Women's Hoops Blog

Inane commentary on a game that deserves far better

Tuesday, June 15, 2010

Boy, someone must have really ticked off Glenn Nelson of HoopGurlz: Snub sparks questions about process
If the oversight weren't so obvious, the exclusion of Moriah Jefferson from USA Basketball's teen-years national teams would not be a damning, final-straw piece of evidence that this country's basketball governing body does not have its act together with regard to the selection of women's candidates or players, not to mention determining its role in the development of said players.

USA Basketball selection committees almost are legendary for sending messages to player pools. In this case, the dispatch is confounding: If you nearly made the team one year on one leg, pick yourself off the floor, and come back the next and reveal yourself to be one of the nation's truly luminary, young basketball products, that still isn't enough.

If there is a puzzle into which a player such as Jefferson, the hyper-kenetic, ultra-creative point guard from Glenn Heights, Texas, does not fit, then USA Basketball should reveal that puzzle, not make everyone assume its composition by revealing only the other pieces. Does USA Basketball have a blueprint for what constitutes the "American style" of hoops? If so, why keep it such a secret?
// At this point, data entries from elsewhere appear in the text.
(* In the following setting, $J$ is coercive, i.e. $\lim_{[u]_s\to+\infty}J(u)/[u]_s=+\infty$ over $u\in H^s_0(\Omega)$. Setting: $n\ge1$, $s\in(0,1)$, $\Omega\subset\mathbb{R}^n$ open bounded with Lipschitz boundary, $K$ a measurable symmetric kernel with $\frac{c\,\chi_{[0,\varrho)}(|x-z|)}{|x-z|^{n+2s}}\le K(x,z)\le\frac{C}{|x-z|^{n+2s}}$ for some $c,C>0$, $\varrho\in(0,+\infty]$; $h:\mathbb{R}\to\mathbb{R}$ continuous, odd, strictly increasing, $\mathcal H(t):=\int_0^th(\tau)d\tau$; $\eta\in L^\infty(\Omega)$ with $\eta\ge0$; $\zeta\in L^2(\Omega)$; and $$J(u)=\frac14\iint_{\mathbb{R}^n\times\mathbb{R}^n}|u(x)-u(z)|^2K(x,z)\,dx\,dz+\int_\Omega\eta\,\mathcal H(u)\,dx-\int_\Omega\zeta u\,dx\quad\text{if }\eta\,(\mathcal H\circ u)\in L^1(\Omega),$$ $J(u)=+\infty$ otherwise.
   Context: $H^s_0(\Omega)=\{u\in H^s(\mathbb{R}^n):u=0\text{ a.e. outside }\Omega\}$ and $[u]_s=\left(c_{n,s}\iint_{\mathbb{R}^n\times\mathbb{R}^n}\frac{|u(x)-u(y)|^2}{|x-y|^{n+2s}}dx\,dy\right)^{1/2}$ with $c_{n,s}=\frac{2^{2s}\Gamma\left(\frac{n+2s}{2}\right)}{\pi^{n/2}\Gamma(2-s)}s(1-s)$. *)

theory Defs
  imports "HOL-Analysis.Analysis"
begin

definition lipschitz_boundary :: "(real^'n) set \<Rightarrow> bool" where
  "lipschitz_boundary \<Omega> \<longleftrightarrow>
     (\<forall>x0 \<in> frontier \<Omega>. \<exists>r>0. \<exists>e L. \<exists>g :: real^'n \<Rightarrow> real.
        norm e = 1 \<and> lipschitz_on L {y. y \<bullet> e = 0} g \<and>
        \<Omega> \<inter> ball x0 r = {x \<in> ball x0 r. x \<bullet> e > g (x - (x \<bullet> e) *\<^sub>R e)})"

definition cns :: "nat \<Rightarrow> real \<Rightarrow> real" where
  "cns n s = (2::real) powr (2 * s) * Gamma ((real n + 2 * s)/2) / (pi powr (real n / 2) * Gamma (2 - s))
             * s * (1 - s)"

definition gagliardo_integral :: "real \<Rightarrow> (real^'n \<Rightarrow> real) \<Rightarrow> ennreal" where
  "gagliardo_integral s u =
     (\<integral>\<^sup>+ p. ennreal (\<bar>u (fst p) - u (snd p)\<bar>^2 / dist (fst p) (snd p) powr (real CARD('n) + 2 * s))
        \<partial>(lebesgue :: ((real^'n) \<times> (real^'n)) measure))"

definition gagliardo_seminorm :: "real \<Rightarrow> (real^'n \<Rightarrow> real) \<Rightarrow> real" where
  "gagliardo_seminorm s u = sqrt (cns CARD('n) s * enn2real (gagliardo_integral s u))"

definition Hs :: "real \<Rightarrow> (real^'n \<Rightarrow> real) set" where
  "Hs s = {u. u \<in> borel_measurable lebesgue \<and> integrable lebesgue (\<lambda>x. (u x)^2)
              \<and> gagliardo_integral s u < \<infinity>}"

definition Hs0 :: "real \<Rightarrow> (real^'n) set \<Rightarrow> (real^'n \<Rightarrow> real) set" where
  "Hs0 s \<Omega> = {u \<in> Hs s. AE x in lebesgue. x \<notin> \<Omega> \<longrightarrow> u x = 0}"

definition primH :: "(real \<Rightarrow> real) \<Rightarrow> real \<Rightarrow> real" where
  "primH h t = (LBINT \<tau>=ereal 0..ereal t. h \<tau>)"

definition energyJ :: "(real^'n \<Rightarrow> real^'n \<Rightarrow> real) \<Rightarrow> (real \<Rightarrow> real) \<Rightarrow> (real^'n \<Rightarrow> real)
     \<Rightarrow> (real^'n \<Rightarrow> real) \<Rightarrow> (real^'n) set \<Rightarrow> (real^'n \<Rightarrow> real) \<Rightarrow> ereal" where
  "energyJ K h \<eta> \<zeta> \<Omega> u =
     (if set_integrable lebesgue \<Omega> (\<lambda>x. \<eta> x * primH h (u x)) then
        ereal (1/4) * enn2ereal (\<integral>\<^sup>+ p. ennreal (\<bar>u (fst p) - u (snd p)\<bar>^2 * K (fst p) (snd p))
                                    \<partial>(lebesgue :: ((real^'n) \<times> (real^'n)) measure))
        + ereal (set_lebesgue_integral lebesgue \<Omega> (\<lambda>x. \<eta> x * primH h (u x)))
        - ereal (set_lebesgue_integral lebesgue \<Omega> (\<lambda>x. \<zeta> x * u x))
      else \<infinity>)"

end

theory Submission
  imports Defs
begin

(* Write E_r(w) for the Gagliardo energy of w restricted to |x - z| < r, with 0 < r <= rho.
   The lower kernel bound gives K >= c |x-z|^(-n-2s) there, and H >= 0, so
   J(u) >= c/4 E_r(u) - int zeta u.  Since u vanishes outside a ball B_R, telescoping
   w(x) along N shifts by h (N |h| >= 2R) and averaging over h in a small ball of
   shifts with |h| < r gives the Poincare inequality int u^2 <= A E_r(u).  The part of
   the full Gagliardo energy with |x - z| >= r is bounded by 4 (int u^2) times
   int_{|y| >= r} |y|^(-n-2s) dy, which is finite as n + 2s > n; hence
   [u]_s^2 <= const E_r(u).  Young's inequality absorbs int zeta u into half of
   c/4 E_r(u), so J(u) >= alpha [u]_s^2 - beta with alpha > 0, which is coercive. *)

definition gagliardo_energy :: "real \<Rightarrow> ('a::euclidean_space \<Rightarrow> real) \<Rightarrow> ennreal" where
  "gagliardo_energy p w =
     (\<integral>\<^sup>+q. ennreal (\<bar>w (fst q) - w (snd q)\<bar>^2 / dist (fst q) (snd q) powr p) \<partial>lborel)"

definition local_gagliardo_energy :: "real \<Rightarrow> real \<Rightarrow> ('a::euclidean_space \<Rightarrow> real) \<Rightarrow> ennreal" where
  "local_gagliardo_energy r p w =
     (\<integral>\<^sup>+q. ennreal (if dist (fst q) (snd q) < r
                      then \<bar>w (fst q) - w (snd q)\<bar>^2 / dist (fst q) (snd q) powr p else 0) \<partial>lborel)"

lemma local_gagliardo_energy_le_gagliardo_energy: "local_gagliardo_energy r p w \<le> gagliardo_energy p w"
  unfolding local_gagliardo_energy_def gagliardo_energy_def by (intro nn_integral_mono) auto

lemma nn_integral_lborel_translate:
  fixes c :: "'a::euclidean_space"
  assumes [measurable]: "f \<in> borel_measurable borel"
  shows "(\<integral>\<^sup>+x. f (c + x) \<partial>lborel) = (\<integral>\<^sup>+x. f x \<partial>lborel)"
proof -
  have "(\<integral>\<^sup>+x. f x \<partial>lborel) = (\<integral>\<^sup>+x. f x \<partial>distr lborel borel ((+) c))"
    by (simp add: lborel_distr_plus)
  also have "\<dots> = (\<integral>\<^sup>+x. f (c + x) \<partial>lborel)"
    by (rule nn_integral_distr) auto
  finally show ?thesis ..
qed

lemma nn_integral_lborel_pair:
  fixes f :: "'a::euclidean_space \<Rightarrow> 'b::euclidean_space \<Rightarrow> ennreal"
  assumes f: "(\<lambda>q. f (fst q) (snd q)) \<in> borel_measurable (borel \<Otimes>\<^sub>M borel)"
  shows "(\<integral>\<^sup>+q. f (fst q) (snd q) \<partial>lborel) = (\<integral>\<^sup>+x. \<integral>\<^sup>+y. f x y \<partial>lborel \<partial>lborel)"
    and "(\<integral>\<^sup>+q. f (fst q) (snd q) \<partial>lborel) = (\<integral>\<^sup>+y. \<integral>\<^sup>+x. f x y \<partial>lborel \<partial>lborel)"
proof -
  have [measurable]: "(\<lambda>q. f (fst q) (snd q)) \<in> borel_measurable (lborel \<Otimes>\<^sub>M lborel)"
    using f by (simp cong: measurable_cong_sets)
  show "(\<integral>\<^sup>+q. f (fst q) (snd q) \<partial>lborel) = (\<integral>\<^sup>+x. \<integral>\<^sup>+y. f x y \<partial>lborel \<partial>lborel)"
    by (simp add: lborel_prod[symmetric] lborel.nn_integral_fst[symmetric])
  show "(\<integral>\<^sup>+q. f (fst q) (snd q) \<partial>lborel) = (\<integral>\<^sup>+y. \<integral>\<^sup>+x. f x y \<partial>lborel \<partial>lborel)"
    by (simp add: lborel_prod[symmetric] lborel_pair.nn_integral_snd[symmetric])
qed

lemma measurable_pair_lborel:
  "f \<in> borel_measurable (borel \<Otimes>\<^sub>M borel) \<Longrightarrow>
    f \<in> borel_measurable (lborel :: ('a::euclidean_space \<times> 'b::euclidean_space) measure)"
  by (simp add: borel_prod)

lemma square_le_sum_shift_differences:
  fixes w :: "'a::real_normed_vector \<Rightarrow> real"
  assumes w0: "\<And>x. R \<le> norm x \<Longrightarrow> w x = 0" and hN: "2 * R \<le> real N * norm h"
  shows "(w x)^2 \<le> real N * (\<Sum>k<N. (w (x + real k *\<^sub>R h) - w (x + real (Suc k) *\<^sub>R h))^2)"
proof (cases "R \<le> norm x")
  case True
  then show ?thesis by (simp add: w0 sum_nonneg)
next
  case False
  have "norm (real N *\<^sub>R h) - norm x \<le> norm (x + real N *\<^sub>R h)"
    by (metis add.commute norm_diff_ineq)
  then have "w (x + real N *\<^sub>R h) = 0"
    using False hN by (intro w0) simp
  then have telescope: "(\<Sum>k<N. w (x + real k *\<^sub>R h) - w (x + real (Suc k) *\<^sub>R h)) = w x"
    using sum_lessThan_telescope'[of "\<lambda>k. w (x + real k *\<^sub>R h)" N] by simp
  have "(\<Sum>k<N. 1 * (w (x + real k *\<^sub>R h) - w (x + real (Suc k) *\<^sub>R h)))^2
     \<le> (\<Sum>k<N. 1^2) * (\<Sum>k<N. (w (x + real k *\<^sub>R h) - w (x + real (Suc k) *\<^sub>R h))^2)"
    by (rule Cauchy_Schwarz_ineq_sum)
  then show ?thesis
    using telescope by simp
qed

lemma nn_integral_square_le_shift_difference:
  fixes w :: "'a::euclidean_space \<Rightarrow> real"
  assumes [measurable]: "w \<in> borel_measurable borel"
    and w0: "\<And>x. R \<le> norm x \<Longrightarrow> w x = 0" and hN: "2 * R \<le> real N * norm h"
  shows "(\<integral>\<^sup>+x. ennreal ((w x)^2) \<partial>lborel)
    \<le> ennreal (real N * real N) * (\<integral>\<^sup>+x. ennreal ((w x - w (x + h))^2) \<partial>lborel)"
proof -
  define D where "D = (\<integral>\<^sup>+x. ennreal ((w x - w (x + h))^2) \<partial>lborel)"
  have shift: "(\<integral>\<^sup>+x. ennreal ((w (x + real k *\<^sub>R h) - w (x + real (Suc k) *\<^sub>R h))^2) \<partial>lborel) = D"
    for k
    using nn_integral_lborel_translate[of "\<lambda>x. ennreal ((w x - w (x + h))^2)" "real k *\<^sub>R h"]
    by (simp add: D_def algebra_simps)
  have "(\<integral>\<^sup>+x. ennreal ((w x)^2) \<partial>lborel)
     \<le> (\<integral>\<^sup>+x. ennreal (real N) *
           (\<Sum>k<N. ennreal ((w (x + real k *\<^sub>R h) - w (x + real (Suc k) *\<^sub>R h))^2)) \<partial>lborel)"
  proof (intro nn_integral_mono)
    fix x
    show "ennreal ((w x)^2) \<le> ennreal (real N) *
           (\<Sum>k<N. ennreal ((w (x + real k *\<^sub>R h) - w (x + real (Suc k) *\<^sub>R h))^2))"
      using square_le_sum_shift_differences[of R w N h x] w0 hN
      by (simp add: sum_ennreal ennreal_mult'[symmetric] ennreal_leI del: of_nat_Suc)
  qed
  also have "\<dots> = ennreal (real N) * (\<Sum>k<N. D)"
    by (simp add: nn_integral_cmult nn_integral_sum shift del: sum_ennreal of_nat_Suc)
  also have "\<dots> = ennreal (real N * real N) * D"
    by (simp add: ennreal_mult' ennreal_of_nat_eq_real_of_nat mult.assoc)
  finally show ?thesis
    unfolding D_def .
qed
Here are some quick thoughts in response to Glenn:

1) He makes a lot of accusations in the form of questions... and doesn't really have any practical answers.

2) If he wants to accuse the Committee of hamstringing USA basketball, he needs to back it up with evidence. Make a list of players on the team that are clearly there because a coach or AAU club wants the "cred."

And if you want to talk "agenda" -- what kind of "agenda" would a ranking service have?

3) If he's wondering who's beating the bushes for the next best thing, ask the college coaches about how much time and money they spend on recruiting.

4) Obviously, he believes that his crew evaluated the on court performance of the athletes and "Chose the best." And he feels that the Committees choices were wrong and the Committee was biased or incompetent.

Could it be, possibly, that he simply doesn't understand there's more to being a USA player than what you do on the court? Was he watching the players in the dorms? On the bus? In meetings? Does he have the whole picture?

And why on earth would the Committee share their "evaluation cards" with the media? So that they can embarrass a player by printing they were seen as "headstrong and selfish"?

5) Coaches and players and parents ALWAYS grumble. Sure, repeat the "I'm scared to voice my issues because I'll get snubbed in the future" line. That's a friggin' cop out. If you whine and complain, that's one thing. If you honestly ask for information and an evaluation, that's another thing.

It's like the difference between a player or coach who complains and bad mouths the refs v. the one who is smart enough to ask "What is she doing wrong so I can fix it."? One is all about ego. The other is all about working through their ego to better themselves and the game.